Он был чуткий, мой отец, и если он говорил при нас так, то лишь потому, что не мог простить себе слабости, не мог в свое время настоять, чтобы девочку назвали другим именем. И наверно, хотел напомнить маме, а может, и нам, старшим детям, — чтобы знали, чувствовали серьезность жертвы, приносимой только ради нас. Да, это было жестоко, но мы уже знали, для чего беленькую девочку назвали Зоей, мать сама проговорилась, терзая себя раскаяньем, и отцу ничего не оставалось делать, кроме как объяснить и смягчить общую их вину. Мы поняли это и ни в чем не обвиняли своих родителей.

Война была и в глухой нашей деревушке, за тысячу километров от фронта. Некоторые солдатки уже получили похоронные на своих кормильцев, отпали как-то сами собой выходные дни, хлеб с начала сорок второго года нам стали выдавать по карточкам.

Будь мы колхозниками, у нас, возможно, остались бы какие-то хлебные запасы на первый год, но мы уже привыкли к положению совхозного рабочего с его ежемесячной зарплатой, свежим хлебом из пекарни, продуктами из магазина, и карточная система, особенно для многодетных семей, оказалась тяжкой.

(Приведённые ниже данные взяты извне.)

(* Let $\mathcal{G}=(\mathcal{V},\mathcal{E})$ be a finite graph and let $$R(\mathcal{G})=\{x\in[0,1]^{\mathcal{V}}:\ \mathfrak{K}_{\mathcal{G}'}(x|_{\mathcal{G}'})>0\text{ for every induced subgraph }\mathcal{G}'\subseteq\mathcal{G}\}.$$ For a unit vector $u$ in the nonnegative orthant of $\mathbb{R}^{\mathcal{V}}$, let $$\rho(u)=\inf\{r\in[0,\infty):\ \min_{\mathcal{G}'\subseteq\mathcal{G}}\mathfrak{K}_{\mathcal{G}'}(ru|_{\mathcal{G}'})=0\},$$ the minimum over all induced subgraphs $\mathcal{G}'$. Then: (1) $\rho(u)=\min\{r\in[0,\infty):\mathfrak{K}_{\mathcal{G}}(ru)=0\}$ (in particular this minimum exists); (2) for $x\in[0,1]^{\mathcal{V}}\setminus\{0\}$, $x\in R(\mathcal{G})$ if and only if $|x|<\rho(x/|x|)$; (3) the map $u\mapsto\rho(u)$ is continuous on the set of unit vectors in the nonnegative orthant; (4) the map $\{y\in[0,1]^{\mathcal{V}}:|y|<1\}\to R(\mathcal{G})$, $y\mapsto\rho(y/|y|)\,y$ (interpreted as $0$ when $y=0$) is a homeomorphism.
   Context: Graphs are finite, simple, undirected. A clique is a set of pairwise adjacent vertices (the empty set is a clique). An induced subgraph $\mathcal{G}'$ has vertex set $\mathcal{V}'\subseteq\mathcal{V}$ and all edges of $\mathcal{G}$ between vertices of $\mathcal{V}'$; $x|_{\mathcal{G}'}=(x_v)_{v\in\mathcal{V}'}$. $\mathfrak{K}_{\mathcal{G}}(x)=\sum_{\mathcal{K}\subseteq\mathcal{V}\text{ clique}}(-1)^{|\mathcal{K}|}\prod_{v\in\mathcal{K}}x_v$, the empty clique contributing $1$. $|\cdot|$ is the Euclidean norm. *)

theory Defs
  imports "HOL-Analysis.Analysis"
begin

text \<open>A finite simple graph on the finite vertex type 'v is given by an edge relation
  E (assumed symmetric and irreflexive in the theorem).
  An induced subgraph is determined by its vertex set S.\<close>

definition is_clique :: "('v \<Rightarrow> 'v \<Rightarrow> bool) \<Rightarrow> 'v set \<Rightarrow> bool" where
  "is_clique E K \<longleftrightarrow> (\<forall>u\<in>K. \<forall>w\<in>K. u \<noteq> w \<longrightarrow> E u w)"

text \<open>Clique polynomial of the induced subgraph on S, evaluated at x restricted to S.\<close>
definition clique_poly :: "('v::finite \<Rightarrow> 'v \<Rightarrow> bool) \<Rightarrow> 'v set \<Rightarrow> real^'v \<Rightarrow> real" where
  "clique_poly E S x = (\<Sum>K\<in>{K. K \<subseteq> S \<and> is_clique E K}. (-1) ^ card K * (\<Prod>v\<in>K. x $ v))"

definition unit_cube :: "(real^'v) set" where
  "unit_cube = {x. \<forall>v. 0 \<le> x $ v \<and> x $ v \<le> 1}"

definition Rset :: "('v::finite \<Rightarrow> 'v \<Rightarrow> bool) \<Rightarrow> (real^'v) set" where
  "Rset E = {x \<in> unit_cube. \<forall>S. clique_poly E S x > 0}"

definition rho :: "('v::finite \<Rightarrow> 'v \<Rightarrow> bool) \<Rightarrow> real^'v \<Rightarrow> real" where
  "rho E u = Inf {r. 0 \<le> r \<and> Min ((\<lambda>S. clique_poly E S (r *\<^sub>R u)) ` UNIV) = 0}"

definition unit_orthant :: "(real^'v) set" where
  "unit_orthant = {u. norm u = 1 \<and> (\<forall>v. 0 \<le> u $ v)}"

end

theory Submission
  imports Defs
begin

Я и сейчас помню, как тонко нарезала мать хлеб, какие маленькие ломтики — по одному на каждого — оставляла нам, уходя на работу. И хотя мы только позавтракали, ломтики эти притягивали нас, мы нетерпеливо провожали мать до двери, и, едва она уходила, хлеб как-то сам собой исчезал, кроме двух ломтиков — для Зои и для Вали.

Этот хлеб был неприкосновенным и находился под моей личной ответственностью. Я до сих пор, будто подвигом, горжусь тем, что, нажевывая близнецам соски, ни разу не проглотил ни крошки хлеба. Правда, я и не мог этого сделать: брат Шурка и сестра Тоська ревниво за мной следили. Они ведь тоже могли нажевать соски, Тося даже просила доверить ей и клялась, что есть совсем не хочется, только подержать хлеб во рту хочется, но рисковать я не мог, и брат меня в этом поддерживал.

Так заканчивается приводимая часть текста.